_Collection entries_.
━━━━━━━━
(* Let $\pi$ be an $X_q(A_1)$-module algebra structure on $\mathbb C_q[x,y,z]$ of non-diagonal type, with $K_i(x)=\alpha_ix$, $K_i(y)=\beta_iy+t_ixz$, $K_i(z)=\gamma_iz$ ($i=1,2$). Let $a_0=(E(x))_0$, $c_0=(E(z))_0$, $a_0'=(F(x))_0$, $c_0'=(F(z))_0$. Then: 1. If $a_0\neq0$, then $\alpha_1=q$, $\alpha_2=-q$, $\beta_1^{-1}\beta_2=q$, $\gamma_1^{-1}\gamma_2=q$, $(E(x))_1=0$ and $(E(y))_1=-\frac{a_0(t_2+qt_1)}{2q\beta_1}z$. 2. If $c_0\neq0$, then $\gamma_1=q$, $\gamma_2=-q$, $\beta_1^{-1}\beta_2=q^{-1}$, $\alpha_1^{-1}\alpha_2=q^{-1}$, $(E(z))_1=0$ and $(E(y))_1=-\frac{c_0(t_1+qt_2)}{2q\beta_1}x$. 3. If $a_0'\neq0$, then $\alpha_1=q^{-1}$, $\alpha_2=-q^{-1}$, $\beta_1\beta_2^{-1}=q^{-1}$, $\gamma_1\gamma_2^{-1}=q^{-1}$, $(F(x))_1=0$ and $(F(y))_1=\frac{a_0'(t_2-qt_1)}{2q\alpha_2\gamma_2}z$. 4. If $c_0'\neq0$, then $\gamma_1=q^{-1}$, $\gamma_2=-q^{-1}$, $\beta_1\beta_2^{-1}=q$, $\alpha_1\alpha_2^{-1}=q$, $(F(z))_1=0$ and $(F(y))_1=\frac{c_0'(qt_2-t_1)}{2q\alpha_2\gamma_2}x$.
   Context: Fix $q\in\mathbb C^*$ not a root of unity, i.e. $q^n\neq1$ for all nonzero integers $n$. $X_q(A_1)$ is the unital associative $\mathbb C$-algebra generated by $E,F,K_1^{\pm1},K_2^{\pm1}$ with relations: - $K_iK_i^{-1}=K_i^{-1}K_i=1$ and $K_1K_2=K_2K_1$; - $K_1E=q^{-1}EK_1$, $K_1F=qFK_1$, $K_2E=-q^{-1}EK_2$, $K_2F=-qFK_2$; - $EF-FE=\frac{K_2K_1^{-1}-K_2^{-1}K_1}{q-q^{-1}}$; - $E^2=F^2=0$. It is a Hopf algebra with $\Delta(K_i)=K_i\otimes K_i$, $\Delta(E)=E\otimes1+K_2K_1^{-1}\otimes E$, $\Delta(F)=1\otimes F+F\otimes K_2^{-1}K_1$, $\varepsilon(K_i)=1$ and $\varepsilon(E)=\varepsilon(F)=0$. $\mathbb C_q[x,y,z]$ is the unital $\mathbb C$-algebra generated by $x,y,z$ with $yx=qxy$, $zy=qyz$, $zx=qxz$. It is graded by total degree in $x,y,z$. For $p\in\mathbb C_q[x,y,z]$, $(p)_s$ denotes the homogeneous component of $p$ of degree $s$. An $X_q(A_1)$-module algebra structure on $A=\mathbb C_q[x,y,z]$ is an algebra homomorphism $\pi:X_q(A_1)\to\mathrm{End}_{\mathbb C}(A)$ such that $\pi(h)(ab)=\sum\pi(h_{(1)})(a)\pi(h_{(2)})(b)$ and $\pi(h)(1)=\varepsilon(h)1$, where $\Delta(h)=\sum h_{(1)}\otimes h_{(2)}$. One writes $h(a)$ for $\pi(h)(a)$. Concretely, $K_1,K_2$ act by algebra automorphisms, $E(ab)=E(a)b+K_2K_1^{-1}(a)E(b)$ and $F(ab)=aF(b)+F(a)K_2^{-1}K_1(b)$. The structure is of non-diagonal type if there are $\alpha_i,\beta_i,\gamma_i,t_i\in\mathbb C^*$ ($i=1,2$) with $K_i(x)=\alpha_ix$, $K_i(y)=\beta_iy+t_ixz$, $K_i(z)=\gamma_iz$. *)

theory Defs
  imports Complex_Main
begin
(* Let $O=(W,A,Z,R,RY)$ denote the observed data, with $W$ pre-exposure covariates, $A\in\{0,1\}$ a binary exposure, $Z$ a nonempty set of additional covariates, $R\in\{0,1\}$ a selection indicator, and $Y$ a real outcome observed only when $R=1$; let $(W;Z)$ be an $s$-admissible pair with $Z\neq\emptyset$ and $P$ the observed-data distribution. Let $\pi_A(W)=\Pr(A=1\mid W)$, $\pi_R(W,A,Z)=\Pr(R=1\mid W,A,Z)$, $Q_1(W,A,Z)=\mathbb{E}[Y\mid W,A,Z,R=1]$, $Q_2(W,A)=\mathbb{E}_{Z\mid W,A}Q_1(W,A,Z)$, and let $\psi=\Psi[P]=\mathbb{E}_W[Q_2(W,1)-Q_2(W,0)]$ be the ATE given by the $s$-formula. For putative models $(\tilde Q_1,\tilde Q_2,\tilde\pi_A,\tilde\pi_R)$ define $$\tilde D(O)=\frac{A-\tilde\pi_A(W)}{\tilde\pi_A(W)[1-\tilde\pi_A(W)]}\,\frac{R}{\tilde\pi_R(W,A,Z)}\big[Y-\tilde Q_1(W,A,Z)\big]+\frac{A-\tilde\pi_A(W)}{\tilde\pi_A(W)[1-\tilde\pi_A(W)]}\big[\tilde Q_1(W,A,Z)-\tilde Q_2(W,A)\big]+\tilde Q_2(W,1)-\tilde Q_2(W,0)-\psi,$$ i.e. the EIF of $\Psi$ at $P$ with $(Q_1,Q_2,\pi_A,\pi_R)$ replaced by the putative models while $\psi$ is kept as is. Then $\mathbb{E}_P\tilde D(O)=0$ is a valid (robust) estimating equation for $\psi=\Psi[P]$ (i.e. it holds at the true ATE $\psi$) provided at least one of the following holds: (1) the sequential regression models are correctly specified: $\tilde Q_1=Q_1$ and $\tilde Q_2=Q_2$; (2) the exposure and selection propensity score models are correctly specified: $\tilde\pi_A=\pi_A$ and $\tilde\pi_R=\pi_R$; (3) the exposure propensity score model and the mean-imputation model are correctly specified: $\tilde\pi_A=\pi_A$ and $\tilde Q_1=Q_1$.
   Context: An $s$-admissible pair $(W;Z)$ is a pair of covariate sets for which the ATE $\mathbb{E}[Y^{1}-Y^{0}]$ (with $Y^a$ the potential outcome under exposure $a$) is identified from the selected-sample data via the $s$-formula above: $W$ suffices to control confounding of $A$ on $Y$ and $(W,A,Z)$ renders the outcome independent of selection $R$ (so that $Y\perp R\mid W,A,Z$), together with positivity ($0<\pi_A<1$, $\pi_R>0$); the putative propensity models are likewise assumed to satisfy $0<\tilde\pi_A<1$, $\tilde\pi_R>0$. "Correctly specified" means the putative model equals the corresponding true nuisance function. The term $RY$ is well defined even when $Y$ is unobserved since it is multiplied by $R$. *)

theory Defs
  imports "HOL-Probability.Probability"
begin

text \<open>W :: 'a => 'w (measurable into MW), A :: 'a => real with values in {0,1},
  Z :: 'a => 'z (measurable into MZ), R :: 'a => real with values in {0,1},
  Y :: 'a => real (only R * Y enters).\<close>

definition sigW :: "'a measure \<Rightarrow> ('a \<Rightarrow> 'w) \<Rightarrow> 'w measure \<Rightarrow> 'a measure" where
  "sigW M W MW = vimage_algebra (space M) W MW"

definition sigWA :: "'a measure \<Rightarrow> ('a \<Rightarrow> 'w) \<Rightarrow> 'w measure \<Rightarrow> ('a \<Rightarrow> real) \<Rightarrow> 'a measure" where
  "sigWA M W MW A = vimage_algebra (space M) (\<lambda>x. (W x, A x)) (MW \<Otimes>\<^sub>M borel)"

definition sigWAZ :: "'a measure \<Rightarrow> ('a \<Rightarrow> 'w) \<Rightarrow> 'w measure \<Rightarrow> ('a \<Rightarrow> real)
    \<Rightarrow> ('a \<Rightarrow> 'z) \<Rightarrow> 'z measure \<Rightarrow> 'a measure" where
  "sigWAZ M W MW A Z MZ = vimage_algebra (space M) (\<lambda>x. (W x, A x, Z x)) (MW \<Otimes>\<^sub>M borel \<Otimes>\<^sub>M MZ)"

definition selected :: "'a measure \<Rightarrow> ('a \<Rightarrow> real) \<Rightarrow> 'a set" where
  "selected M R = {x \<in> space M. R x = 1}"

definition is_piA :: "'a measure \<Rightarrow> ('a \<Rightarrow> 'w) \<Rightarrow> 'w measure \<Rightarrow> ('a \<Rightarrow> real)
    \<Rightarrow> ('w \<Rightarrow> real) \<Rightarrow> bool" where
  "is_piA M W MW A piA \<longleftrightarrow> piA \<in> borel_measurable MW \<and>
     (AE x in M. piA (W x) = real_cond_exp M (sigW M W MW)
                               (indicator {y \<in> space M. A y = 1}) x)"

definition is_piR :: "'a measure \<Rightarrow> ('a \<Rightarrow> 'w) \<Rightarrow> 'w measure \<Rightarrow> ('a \<Rightarrow> real)
    \<Rightarrow> ('a \<Rightarrow> 'z) \<Rightarrow> 'z measure \<Rightarrow> ('a \<Rightarrow> real) \<Rightarrow> ('w \<times> real \<times> 'z \<Rightarrow> real) \<Rightarrow> bool" where
  "is_piR M W MW A Z MZ R piR \<longleftrightarrow> piR \<in> borel_measurable (MW \<Otimes>\<^sub>M borel \<Otimes>\<^sub>M MZ) \<and>
     (AE x in M. piR (W x, A x, Z x) = real_cond_exp M (sigWAZ M W MW A Z MZ)
                               (indicator (selected M R)) x)"

text \<open>Q_1(W,A,Z) = E[Y | W, A, Z, R = 1]: conditional expectation of Y given
  (W,A,Z) under P conditioned on the event {R = 1}.\<close>
definition is_Q1 :: "'a measure \<Rightarrow> ('a \<Rightarrow> 'w) \<Rightarrow> 'w measure \<Rightarrow> ('a \<Rightarrow> real)
    \<Rightarrow> ('a \<Rightarrow> 'z) \<Rightarrow> 'z measure \<Rightarrow> ('a \<Rightarrow> real) \<Rightarrow> ('a \<Rightarrow> real)
    \<Rightarrow> ('w \<times> real \<times> 'z \<Rightarrow> real) \<Rightarrow> bool" where
  "is_Q1 M W MW A Z MZ R Y Q1 \<longleftrightarrow> Q1 \<in> borel_measurable (MW \<Otimes>\<^sub>M borel \<Otimes>\<^sub>M MZ) \<and>
     (AE x in uniform_measure M (selected M R).
        Q1 (W x, A x, Z x) = real_cond_exp (uniform_measure M (selected M R))
                               (sigWAZ M W MW A Z MZ) Y x)"

definition is_Q2 :: "'a measure \<Rightarrow> ('a \<Rightarrow> 'w) \<Rightarrow> 'w measure \<Rightarrow> ('a \<Rightarrow> real)
    \<Rightarrow> ('a \<Rightarrow> 'z) \<Rightarrow> ('w \<times> real \<times> 'z \<Rightarrow> real) \<Rightarrow> ('w \<times> real \<Rightarrow> real) \<Rightarrow> bool" where
  "is_Q2 M W MW A Z Q1 Q2 \<longleftrightarrow> Q2 \<in> borel_measurable (MW \<Otimes>\<^sub>M borel) \<and>
     (AE x in M. Q2 (W x, A x) = real_cond_exp M (sigWA M W MW A)
                               (\<lambda>y. Q1 (W y, A y, Z y)) x)"
definition int_matrix :: "real^'n^'n \<Rightarrow> bool" where
  "int_matrix A \<longleftrightarrow> (\<forall>i j. A $ i $ j \<in> \<int>)"

definition cmat :: "real^'n^'n \<Rightarrow> complex^'n^'n" where
  "cmat A = (\<chi> i j. complex_of_real (A $ i $ j))"

definition eigenvalues :: "real^'n^'n \<Rightarrow> complex set" where
  "eigenvalues A = {l. \<exists>v::complex^'n. v \<noteq> 0 \<and> cmat A *v v = l *s v}"

definition dilation_matrix :: "real^'n^'n \<Rightarrow> bool" where
  "dilation_matrix A \<longleftrightarrow> int_matrix A \<and> (\<forall>l \<in> eigenvalues A. cmod l > 1)"

definition singular_values :: "real^'n^'n \<Rightarrow> real set" where
  "singular_values A =
     sqrt ` {l. \<exists>v::real^'n. v \<noteq> 0 \<and> (transpose A ** A) *v v = l *s v}"

definition smallest_singular_value :: "real^'n^'n \<Rightarrow> real" where
  "smallest_singular_value A = Min (singular_values A)"

primrec mat_pow :: "real^'n^'n \<Rightarrow> nat \<Rightarrow> real^'n^'n" where
  "mat_pow A 0 = mat 1"
| "mat_pow A (Suc k) = A ** mat_pow A k"

definition half_box :: "(real^'n) set" where
  "half_box = {x. \<forall>i. -1/2 \<le> x $ i \<and> x $ i < 1/2}"

definition digit_set :: "real^'n^'n \<Rightarrow> (real^'n) set" where
  "digit_set A = ((\<lambda>x. A *v x) ` half_box) \<inter> int_lattice"

end

theory Submission
  imports Defs
begin

(*
  Write s for the smallest singular value of A.  Then |A w| >= s |w| for every w,
  so s > 2 makes A injective, hence bijective, and expanding by a factor larger than 2.
  Given a nonzero lattice point x, let y = A^-1 x and let r be y rounded coordinatewise to
  the nearest integer (ties rounded up).  Then y - r lies in F = [-1/2,1/2)^n, so
  d = x - A r = A (y - r) is a digit, and |r| <= 2 |y| < |A y| = |x|.  Thus x = d + A r
  with a lattice point r of strictly smaller norm; since squared norms of lattice points
  are integers, induction on them expands every lattice point in base A.
*)

section \<open>Symmetric matrices and the Gram matrix\<close>

lemma symmetric_matrix_self_adjoint:
  fixes M :: "real^'n^'n"
  assumes "transpose M = M"
  shows "(M *v u) \<bullet> v = u \<bullet> (M *v v)"
  by (subst (1) assms[symmetric]) (simp add: dot_lmul_matrix)

text \<open>Eigenvectors of a symmetric matrix for distinct eigenvalues are orthogonal,
  hence linearly independent; so a symmetric matrix has only finitely many eigenvalues.\<close>
lemma symmetric_matrix_eigenvalues_finite:
  fixes M :: "real^'n^'n"
  assumes sym: "transpose M = M"
  shows "finite {l. \<exists>v::real^'n. v \<noteq> 0 \<and> M *v v = l *s v}" (is "finite ?E")
proof -
  define w where "w l = (SOME v. v \<noteq> 0 \<and> M *v v = l *s v)" for l
  have w: "w l \<noteq> 0 \<and> M *v w l = l *s w l" if "l \<in> ?E" for l
    using someI_ex[OF that[unfolded mem_Collect_eq]] unfolding w_def .
  have orth: "w l1 \<bullet> w l2 = 0" if "l1 \<in> ?E" "l2 \<in> ?E" "l1 \<noteq> l2" for l1 l2
  proof -
    have "l1 * (w l1 \<bullet> w l2) = (M *v w l1) \<bullet> w l2"
      using w[OF that(1)] by (simp add: scalar_mult_eq_scaleR)
    also have "\<dots> = w l1 \<bullet> (M *v w l2)" by (rule symmetric_matrix_self_adjoint[OF sym])
    also have "\<dots> = l2 * (w l1 \<bullet> w l2)"
      using w[OF that(2)] by (simp add: scalar_mult_eq_scaleR)
    finally show ?thesis using that(3) by auto
  qed
  have inj: "inj_on w ?E"
  proof (rule inj_onI)
    fix a b assume ab: "a \<in> ?E" "b \<in> ?E" "w a = w b"
    show "a = b"
    proof (rule ccontr)
      assume "a \<noteq> b"
      then have "w a \<bullet> w a = 0" using orth[OF ab(1,2)] ab(3) by simp
      then show False using w[OF ab(1)] by simp
    qed
  qed
  have "pairwise orthogonal (w ` ?E)"
  proof (rule pairwiseI)
    fix x y assume xy: "x \<in> w ` ?E" "y \<in> w ` ?E" "x \<noteq> y"
    obtain l1 where l1: "x = w l1" "l1 \<in> ?E" using xy(1) by (rule imageE)
    obtain l2 where l2: "y = w l2" "l2 \<in> ?E" using xy(2) by (rule imageE)
    have "l1 \<noteq> l2" using xy(3) l1(1) l2(1) by metis
    then show "orthogonal x y" unfolding orthogonal_def l1(1) l2(1) by (rule orth[OF l1(2) l2(2)])
  qed
  moreover have "0 \<notin> w ` ?E"
  proof
    assume "0 \<in> w ` ?E"
    then obtain l where "0 = w l" "l \<in> ?E" by (rule imageE)
    then show False using w[of l] by simp
  qed
  ultimately have "independent (w ` ?E)" by (rule pairwise_orthogonal_independent)
  then have "finite (w ` ?E)" by (rule independent_imp_finite)
  then show ?thesis by (rule finite_imageD[OF _ inj])
qed

lemma gram_matrix_inner:
  fixes A :: "real^'n^'m"
  shows "((transpose A ** A) *v a) \<bullet> b = (A *v a) \<bullet> (A *v b)"
  by (simp add: matrix_vector_mul_assoc[symmetric] dot_lmul_matrix)

lemma gram_matrix_symmetric: "transpose (transpose A ** A) = transpose A ** (A::real^'n^'m)"
  by (simp add: matrix_transpose_mul)

section \<open>The minimum of the Rayleigh quotient\<close>

text \<open>|A v|^2 is continuous on the compact unit sphere, so it attains a minimum there;
  by homogeneity that minimum bounds |A w|^2 / |w|^2 for all w.\<close>
lemma gram_minimiser_exists:
  fixes A :: "real^'n^'m"
  shows "\<exists>v0. norm v0 = 1 \<and> (\<forall>w. norm (A *v v0)^2 * norm w^2 \<le> norm (A *v w)^2)"
proof -
  define f where "f v = norm (A *v v)^2" for v :: "real^'n"
  have cont: "continuous_on (sphere 0 1) f"
    unfolding f_def by (intro continuous_intros linear_continuous_on matrix_vector_mul_bounded_linear)
  have "(SOME i. i \<in> Basis) \<in> sphere (0::real^'n) 1" by (simp add: SOME_Basis norm_Basis)
  then have "sphere (0::real^'n) 1 \<noteq> {}" by blast
  then obtain v0 where v0: "v0 \<in> sphere 0 1" and minimal: "\<forall>y\<in>sphere 0 1. f v0 \<le> f y"
    using continuous_attains_inf[OF compact_sphere _ cont] by blast
  have "f v0 * norm w^2 \<le> f w" for w
  proof (cases "w = 0")
    case False
    then have "f v0 \<le> f ((1 / norm w) *\<^sub>R w)" using minimal by simp
    also have "f ((1 / norm w) *\<^sub>R w) = f w / norm w^2"
      unfolding f_def by (simp add: matrix_vector_mult_scaleR power_divide)
    finally show ?thesis using False by (simp add: field_simps)
  qed (simp add: f_def)
  then show ?thesis using v0 unfolding f_def by auto
qed

lemma nonneg_quadratic_linear_coeff:
  fixes a c :: real
  assumes nonneg: "\<And>t. 0 \<le> 2 * t * a + t^2 * c"
  shows "a = 0"
proof -
  have "a * a \<le> 0"
  proof (cases "c \<le> 0")
    case True
    have "0 \<le> 2 * (-a) * a + (-a)^2 * c" by (rule nonneg)
    moreover have "(-a)^2 * c \<le> 0" using True by (simp add: mult_nonneg_nonpos)
    ultimately show ?thesis by simp
  next
    case False
    have "0 \<le> 2 * (-a/c) * a + (-a/c)^2 * c" by (rule nonneg)
    also have "\<dots> = - (a*a) / c" using False by (simp add: power2_eq_square field_simps)
    finally show ?thesis using False by (simp add: divide_le_0_iff)
  qed
  then have "a * a = 0" using zero_le_square[of a] by linarith
  then show ?thesis by simp
qed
━━━━━━━━
_Instructions to follow_. Begin at the line that has "0 \<and> (transpose" in the entries above; stop after the line that has "the nearest integer". Transcribe exactly those lines and no others.

_Result of this task_.
     sqrt ` {l. \<exists>v::real^'n. v \<noteq> 0 \<and> (transpose A ** A) *v v = l *s v}"

definition smallest_singular_value :: "real^'n^'n \<Rightarrow> real" where
  "smallest_singular_value A = Min (singular_values A)"

primrec mat_pow :: "real^'n^'n \<Rightarrow> nat \<Rightarrow> real^'n^'n" where
  "mat_pow A 0 = mat 1"
| "mat_pow A (Suc k) = A ** mat_pow A k"

definition half_box :: "(real^'n) set" where
  "half_box = {x. \<forall>i. -1/2 \<le> x $ i \<and> x $ i < 1/2}"

definition digit_set :: "real^'n^'n \<Rightarrow> (real^'n) set" where
  "digit_set A = ((\<lambda>x. A *v x) ` half_box) \<inter> int_lattice"

end

theory Submission
  imports Defs
begin

(*
  Write s for the smallest singular value of A.  Then |A w| >= s |w| for every w,
  so s > 2 makes A injective, hence bijective, and expanding by a factor larger than 2.
  Given a nonzero lattice point x, let y = A^-1 x and let r be y rounded coordinatewise to
  the nearest integer (ties rounded up).  Then y - r lies in F = [-1/2,1/2)^n, so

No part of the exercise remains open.